International Student Competition: Siemens is Seeking Ideas on the Future of Healthcare

Siemens HealthcareUnder the tagline "The Future of Healthcare" Siemens Healthcare is running a competition for students from around the world. The contest focuses on the question of how technological progress and changes in society will affect today's global healthcare systems. Students are being called on to address the topic in an abstract to be submitted by November 7, 2011. Siemens will be inviting the authors of the ten best contributions to attend a three-month "Innovation Think Tank Camp" in Germany. Here they will have the opportunity to collaborate with Siemens experts on innovation projects. The results will then be appraised by a jury, which will award prizes for the best ideas.
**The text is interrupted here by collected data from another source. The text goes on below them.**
(* Let $A$ be a $d\times d$ $\{0,1\}$-matrix and $\mathbb{F}\in\{\mathbb{R},\mathbb{C}\}$. For $K\in\mathcal{STAF}(A)$ and $n\in\mathbb{N}$ let $\mathbf{K}^{(n)}\in\mathbb{F}^d$ have $j$-th component $K(s_0\dots s_{n-1}j)$ for any allowable block $s_0\dots s_{n-1}j$ (for $n=0$, $K(j)$). Then $\mathbf{K}=(\mathbf{K}^{(0)},\mathbf{K}^{(1)},\dots)$ is a thread of $A$, and $K\mapsto\mathbf{K}$ is a vector space isomorphism from $\mathcal{STAF}(A)$ onto $\varprojlim(\mathbb{F}^d,A)$. Moreover $\varprojlim(\mathbb{F}^d,A)$ is isomorphic to $NonN(A,\mathbb{F}^d)$.
   Context: Symbols are $S=\{1,\dots,d\}$; $i\to j$ is an allowable transition iff $A_{ij}=1$. An allowable block is a finite word $s_0\dots s_{n-1}$ with $s_k\to s_{k+1}$ for all $k$; its length is the number of symbols; $\mathcal{B}(A)$ is the set of allowable blocks. A symbolic transverse arc function (staf) is a map $K:\mathcal{B}(A)\to\mathbb{F}$ which is additive, $K(s_0\dots s_{n-1}j)=\sum_{k:\,j\to k}K(s_0\dots s_{n-1}jk)$ for every allowable block $s_0\dots s_{n-1}j$, and coherent, $K(s_0\dots s_nj)=K(s_0'\dots s_n'j)$ for all allowable blocks of the same length ending in the same symbol. $\mathcal{STAF}(A)$ is the vector space of stafs. A thread of $A$ is a sequence $(\vec v_0,\vec v_1,\dots)$ in $\mathbb{F}^d$ with $\vec v_n=A\vec v_{n+1}$ for all $n$; $\varprojlim(\mathbb{F}^d,A)$ is the space of threads. $NonN(A,\mathbb{F}^d)$ is the sum of the generalized eigenspaces of $A$ for nonzero eigenvalues. *)

theory Defs
  imports "HOL-Analysis.Analysis"
begin

text \<open>Symbols are the elements of a finite type 'n (so d = CARD('n)).
  The {0,1}-matrix A is given as a real matrix with entries 0 or 1;
  i \<rightarrow> j iff A$i$j = 1.  Over a field 'f (real or complex) it acts
  through the entrywise embedding.\<close>

definition fmat :: "real^'n^'n \<Rightarrow> ('f::real_algebra_1)^'n^'n" where
  "fmat A = (\<chi> i j. of_real (A$i$j))"

definition allowable :: "real^'n^'n \<Rightarrow> 'n list \<Rightarrow> bool" where
  "allowable A xs \<longleftrightarrow> xs \<noteq> [] \<and> (\<forall>k. Suc k < length xs \<longrightarrow> A$(xs!k)$(xs!Suc k) = 1)"

text \<open>Stafs: maps on allowable blocks (represented as functions on all words
  that vanish off the allowable blocks) that are additive and coherent.\<close>
definition staf_space :: "real^'n^'n \<Rightarrow> ('n list \<Rightarrow> 'f::field) set" where
  "staf_space A = {K.
     (\<forall>xs. \<not> allowable A xs \<longrightarrow> K xs = 0) \<and>
     (\<forall>w j. allowable A (w @ [j]) \<longrightarrow>
        K (w @ [j]) = (\<Sum>k\<in>{k. A$j$k = 1}. K (w @ [j, k]))) \<and>
     (\<forall>w w' j. allowable A (w @ [j]) \<and> allowable A (w' @ [j]) \<and> length w = length w'
        \<longrightarrow> K (w @ [j]) = K (w' @ [j]))}"

definition threads :: "real^'n^'n \<Rightarrow> (nat \<Rightarrow> ('f::real_algebra_1)^'n) set" where
  "threads A = {v. \<forall>n. v n = fmat A *v v (Suc n)}"

definition represents :: "real^'n^'n \<Rightarrow> ('n list \<Rightarrow> 'f) \<Rightarrow> (nat \<Rightarrow> 'f^'n) \<Rightarrow> bool" where
  "represents A K v \<longleftrightarrow>
     (\<forall>n w j. allowable A (w @ [j]) \<and> length w = n \<longrightarrow> v n $ j = K (w @ [j]))"

definition thread_of :: "real^'n^'n \<Rightarrow> ('n list \<Rightarrow> 'f::real_algebra_1) \<Rightarrow> (nat \<Rightarrow> 'f^'n)" where
  "thread_of A K = (THE v. v \<in> threads A \<and> represents A K v)"

definition gen_eigenspace :: "complex^'n^'n \<Rightarrow> complex \<Rightarrow> (complex^'n) set" where
  "gen_eigenspace M e = {v. \<exists>k. ((\<lambda>x. (M - mat e) *v x) ^^ k) v = 0}"

definition NonN_complex :: "real^'n^'n \<Rightarrow> (complex^'n) set" where
  "NonN_complex A = {v. \<exists>S f. finite S \<and> 0 \<notin> S \<and>
      (\<forall>e\<in>S. f e \<in> gen_eigenspace (fmat A) e) \<and> v = (\<Sum>e\<in>S. f e)}"

definition NonN_real :: "real^'n^'n \<Rightarrow> (real^'n) set" where
  "NonN_real A = {v. (\<chi> i. complex_of_real (v$i)) \<in> NonN_complex A}"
How will healthcare systems develop over the next ten or twenty years? What implications will social changes have on the affordability of medical care? For students around the world who are tackling this and similar questions, Siemens Healthcare is mounting the competition "The Future of Healthcare". Eligible to enter are students in medicine, biomedical engineering and IT, as well as all other specialist disciplines. Entries will be accepted from individuals or teams of up to three people. The abstract should address the challenges facing the healthcare system, and put forward an innovative approach to solving such problems. The closing date for entries is November 7, 2011. The company will invite the authors of the ten best abstracts to attend an "Innovation Think Tank Camp", which is set to take place from February to April 2012 at Siemens Healthcare's facilities in Germany. Siemens will refund travel and accommodation expenses. Participants of the "Innovation Think Tank Camp" will also receive a monthly allowance.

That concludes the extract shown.